Exercise aim: Each line below that contains the word "False" must be copied.

(Dataset entries)
########

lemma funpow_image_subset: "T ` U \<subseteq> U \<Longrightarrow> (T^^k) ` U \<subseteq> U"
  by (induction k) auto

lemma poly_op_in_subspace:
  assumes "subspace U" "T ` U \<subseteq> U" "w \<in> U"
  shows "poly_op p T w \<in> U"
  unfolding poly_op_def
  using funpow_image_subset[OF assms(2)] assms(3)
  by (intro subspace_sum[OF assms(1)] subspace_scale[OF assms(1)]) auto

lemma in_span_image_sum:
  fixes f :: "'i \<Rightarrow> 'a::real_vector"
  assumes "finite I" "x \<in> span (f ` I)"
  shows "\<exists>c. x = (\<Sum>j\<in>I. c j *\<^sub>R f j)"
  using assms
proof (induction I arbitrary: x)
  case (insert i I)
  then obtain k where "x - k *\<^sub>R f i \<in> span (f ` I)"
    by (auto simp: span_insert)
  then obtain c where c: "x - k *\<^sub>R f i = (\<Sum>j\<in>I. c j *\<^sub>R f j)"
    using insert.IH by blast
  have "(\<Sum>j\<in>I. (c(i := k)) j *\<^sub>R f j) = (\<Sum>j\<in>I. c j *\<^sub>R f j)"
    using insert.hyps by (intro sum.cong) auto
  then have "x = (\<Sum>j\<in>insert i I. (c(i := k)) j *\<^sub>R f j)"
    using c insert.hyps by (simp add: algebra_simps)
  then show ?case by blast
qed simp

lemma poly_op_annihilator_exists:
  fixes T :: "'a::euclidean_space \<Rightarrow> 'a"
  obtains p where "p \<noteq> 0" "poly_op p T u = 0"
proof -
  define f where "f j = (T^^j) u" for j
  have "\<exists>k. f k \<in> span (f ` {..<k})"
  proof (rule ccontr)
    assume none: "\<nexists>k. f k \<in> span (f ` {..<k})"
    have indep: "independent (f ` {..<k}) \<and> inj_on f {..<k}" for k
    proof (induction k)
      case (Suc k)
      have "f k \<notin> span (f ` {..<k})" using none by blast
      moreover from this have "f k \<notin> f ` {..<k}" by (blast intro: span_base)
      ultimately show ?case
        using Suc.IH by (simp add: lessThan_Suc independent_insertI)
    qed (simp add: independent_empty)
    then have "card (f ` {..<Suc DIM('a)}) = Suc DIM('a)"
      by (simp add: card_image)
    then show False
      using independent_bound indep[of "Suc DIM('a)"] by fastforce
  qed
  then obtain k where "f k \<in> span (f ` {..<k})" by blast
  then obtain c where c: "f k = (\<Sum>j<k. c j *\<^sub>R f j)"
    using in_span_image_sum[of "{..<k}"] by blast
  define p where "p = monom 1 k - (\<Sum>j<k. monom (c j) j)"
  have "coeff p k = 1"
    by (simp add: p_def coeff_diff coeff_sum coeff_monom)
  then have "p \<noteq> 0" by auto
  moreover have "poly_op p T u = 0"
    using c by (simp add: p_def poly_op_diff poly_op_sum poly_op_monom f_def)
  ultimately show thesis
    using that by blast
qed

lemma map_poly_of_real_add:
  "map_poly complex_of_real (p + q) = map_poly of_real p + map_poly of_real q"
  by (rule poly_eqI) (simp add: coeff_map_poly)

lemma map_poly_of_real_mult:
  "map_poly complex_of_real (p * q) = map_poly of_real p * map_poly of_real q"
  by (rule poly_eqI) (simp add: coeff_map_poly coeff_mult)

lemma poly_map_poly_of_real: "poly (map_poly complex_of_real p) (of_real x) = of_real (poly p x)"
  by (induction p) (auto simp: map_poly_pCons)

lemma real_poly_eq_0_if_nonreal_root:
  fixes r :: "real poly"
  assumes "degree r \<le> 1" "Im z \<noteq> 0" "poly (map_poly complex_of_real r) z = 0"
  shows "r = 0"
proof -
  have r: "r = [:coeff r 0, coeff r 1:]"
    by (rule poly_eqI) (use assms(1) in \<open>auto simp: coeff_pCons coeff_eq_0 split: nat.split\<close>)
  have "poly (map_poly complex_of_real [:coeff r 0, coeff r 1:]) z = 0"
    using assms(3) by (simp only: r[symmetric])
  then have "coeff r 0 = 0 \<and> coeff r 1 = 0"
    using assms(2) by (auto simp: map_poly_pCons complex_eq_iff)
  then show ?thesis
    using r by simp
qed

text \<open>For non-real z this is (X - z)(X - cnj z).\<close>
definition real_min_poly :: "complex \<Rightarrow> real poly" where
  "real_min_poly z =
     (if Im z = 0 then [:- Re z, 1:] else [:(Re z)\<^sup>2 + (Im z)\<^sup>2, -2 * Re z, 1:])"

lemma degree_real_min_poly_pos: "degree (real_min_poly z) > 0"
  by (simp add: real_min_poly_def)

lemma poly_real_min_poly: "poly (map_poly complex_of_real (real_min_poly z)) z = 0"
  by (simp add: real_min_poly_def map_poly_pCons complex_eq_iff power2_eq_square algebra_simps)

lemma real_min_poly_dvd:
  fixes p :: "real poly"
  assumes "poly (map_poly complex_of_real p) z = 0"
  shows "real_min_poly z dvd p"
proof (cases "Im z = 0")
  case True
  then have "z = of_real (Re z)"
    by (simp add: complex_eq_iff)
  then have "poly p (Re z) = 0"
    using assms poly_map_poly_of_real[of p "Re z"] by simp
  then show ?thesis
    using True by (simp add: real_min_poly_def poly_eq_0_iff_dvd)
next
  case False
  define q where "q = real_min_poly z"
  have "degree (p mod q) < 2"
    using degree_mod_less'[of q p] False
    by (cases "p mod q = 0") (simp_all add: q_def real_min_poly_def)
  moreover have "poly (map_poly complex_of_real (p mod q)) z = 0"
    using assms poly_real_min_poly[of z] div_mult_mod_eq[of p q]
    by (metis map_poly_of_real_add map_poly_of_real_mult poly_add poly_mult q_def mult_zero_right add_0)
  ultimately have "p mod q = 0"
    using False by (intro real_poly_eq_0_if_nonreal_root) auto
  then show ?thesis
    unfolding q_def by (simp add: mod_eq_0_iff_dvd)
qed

########

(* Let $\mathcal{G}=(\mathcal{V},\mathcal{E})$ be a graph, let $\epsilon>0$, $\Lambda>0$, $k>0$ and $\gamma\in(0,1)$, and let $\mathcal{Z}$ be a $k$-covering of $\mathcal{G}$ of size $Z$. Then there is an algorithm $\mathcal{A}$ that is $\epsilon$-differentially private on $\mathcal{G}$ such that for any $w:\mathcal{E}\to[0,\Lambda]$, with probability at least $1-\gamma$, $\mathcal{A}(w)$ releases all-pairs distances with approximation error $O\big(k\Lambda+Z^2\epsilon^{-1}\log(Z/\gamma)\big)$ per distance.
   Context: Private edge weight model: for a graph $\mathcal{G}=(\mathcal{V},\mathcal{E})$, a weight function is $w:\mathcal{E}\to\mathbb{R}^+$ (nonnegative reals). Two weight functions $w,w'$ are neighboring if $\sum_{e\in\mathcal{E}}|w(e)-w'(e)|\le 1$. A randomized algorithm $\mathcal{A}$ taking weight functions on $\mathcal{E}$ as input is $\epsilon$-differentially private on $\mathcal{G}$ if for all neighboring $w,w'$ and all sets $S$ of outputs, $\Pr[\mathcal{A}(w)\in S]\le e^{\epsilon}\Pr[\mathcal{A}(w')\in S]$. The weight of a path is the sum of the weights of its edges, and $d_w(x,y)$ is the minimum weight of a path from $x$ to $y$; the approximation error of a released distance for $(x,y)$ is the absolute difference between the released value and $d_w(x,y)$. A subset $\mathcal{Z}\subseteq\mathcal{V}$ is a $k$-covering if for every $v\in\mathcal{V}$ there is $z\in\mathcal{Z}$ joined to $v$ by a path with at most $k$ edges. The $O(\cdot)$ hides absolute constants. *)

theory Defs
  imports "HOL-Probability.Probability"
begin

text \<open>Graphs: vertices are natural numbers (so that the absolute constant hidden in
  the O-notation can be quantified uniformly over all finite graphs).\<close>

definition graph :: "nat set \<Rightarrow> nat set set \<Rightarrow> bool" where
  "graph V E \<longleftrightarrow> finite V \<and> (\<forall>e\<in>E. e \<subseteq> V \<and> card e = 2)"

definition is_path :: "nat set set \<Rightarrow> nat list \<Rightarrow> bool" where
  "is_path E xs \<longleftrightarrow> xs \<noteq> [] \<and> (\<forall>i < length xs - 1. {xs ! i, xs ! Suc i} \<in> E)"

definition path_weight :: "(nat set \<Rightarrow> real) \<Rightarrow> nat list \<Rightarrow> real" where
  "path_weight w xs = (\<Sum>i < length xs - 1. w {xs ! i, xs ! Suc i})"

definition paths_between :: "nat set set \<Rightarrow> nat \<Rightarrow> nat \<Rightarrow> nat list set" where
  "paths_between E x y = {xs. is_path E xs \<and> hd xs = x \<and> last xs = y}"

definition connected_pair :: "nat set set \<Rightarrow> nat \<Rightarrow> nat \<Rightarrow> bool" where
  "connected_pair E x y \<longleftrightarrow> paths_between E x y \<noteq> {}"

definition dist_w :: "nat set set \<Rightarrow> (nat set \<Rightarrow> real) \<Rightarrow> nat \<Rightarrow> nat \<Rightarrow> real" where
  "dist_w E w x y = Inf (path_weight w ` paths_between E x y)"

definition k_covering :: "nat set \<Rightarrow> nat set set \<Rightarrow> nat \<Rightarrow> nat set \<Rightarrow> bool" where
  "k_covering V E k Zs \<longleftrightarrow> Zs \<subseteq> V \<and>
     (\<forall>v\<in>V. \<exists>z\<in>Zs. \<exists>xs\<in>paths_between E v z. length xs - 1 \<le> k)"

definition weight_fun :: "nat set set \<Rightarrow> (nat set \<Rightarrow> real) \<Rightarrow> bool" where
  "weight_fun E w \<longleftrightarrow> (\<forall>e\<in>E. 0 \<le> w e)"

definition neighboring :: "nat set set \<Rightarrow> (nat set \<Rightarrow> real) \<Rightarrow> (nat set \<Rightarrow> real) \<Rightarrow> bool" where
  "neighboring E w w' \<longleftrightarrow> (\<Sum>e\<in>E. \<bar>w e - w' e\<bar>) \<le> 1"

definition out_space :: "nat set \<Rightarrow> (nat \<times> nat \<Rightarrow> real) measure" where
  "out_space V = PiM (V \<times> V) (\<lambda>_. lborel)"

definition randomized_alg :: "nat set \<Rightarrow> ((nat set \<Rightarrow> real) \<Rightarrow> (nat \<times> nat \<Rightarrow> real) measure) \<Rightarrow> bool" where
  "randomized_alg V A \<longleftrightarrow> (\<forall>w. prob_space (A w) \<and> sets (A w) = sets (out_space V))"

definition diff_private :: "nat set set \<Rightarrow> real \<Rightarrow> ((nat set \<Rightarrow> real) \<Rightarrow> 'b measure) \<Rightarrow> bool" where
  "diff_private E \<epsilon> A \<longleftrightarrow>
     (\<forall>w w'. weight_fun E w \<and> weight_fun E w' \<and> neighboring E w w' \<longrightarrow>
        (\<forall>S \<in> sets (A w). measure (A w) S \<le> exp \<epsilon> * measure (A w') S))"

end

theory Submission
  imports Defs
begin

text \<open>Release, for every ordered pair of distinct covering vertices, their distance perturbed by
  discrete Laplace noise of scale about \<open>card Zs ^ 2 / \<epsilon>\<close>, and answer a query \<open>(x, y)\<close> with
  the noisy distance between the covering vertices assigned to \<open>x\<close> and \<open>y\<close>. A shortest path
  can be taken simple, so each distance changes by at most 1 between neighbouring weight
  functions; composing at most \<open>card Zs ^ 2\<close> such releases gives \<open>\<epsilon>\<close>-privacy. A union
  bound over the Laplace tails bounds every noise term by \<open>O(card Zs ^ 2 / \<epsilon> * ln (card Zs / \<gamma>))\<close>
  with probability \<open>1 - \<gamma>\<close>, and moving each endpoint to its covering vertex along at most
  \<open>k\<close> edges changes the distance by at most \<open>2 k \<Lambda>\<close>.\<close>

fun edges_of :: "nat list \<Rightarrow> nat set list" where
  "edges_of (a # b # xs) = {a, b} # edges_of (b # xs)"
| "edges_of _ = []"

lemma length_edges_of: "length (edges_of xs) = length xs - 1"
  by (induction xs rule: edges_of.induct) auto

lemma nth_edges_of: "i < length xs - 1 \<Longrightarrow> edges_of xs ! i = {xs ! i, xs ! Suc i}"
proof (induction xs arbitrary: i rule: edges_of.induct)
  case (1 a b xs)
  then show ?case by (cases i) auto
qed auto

########

Response for this exercise:
    then show False
  case False
    using degree_mod_less'[of q p] False
    using False by (intro real_poly_eq_0_if_nonreal_root) auto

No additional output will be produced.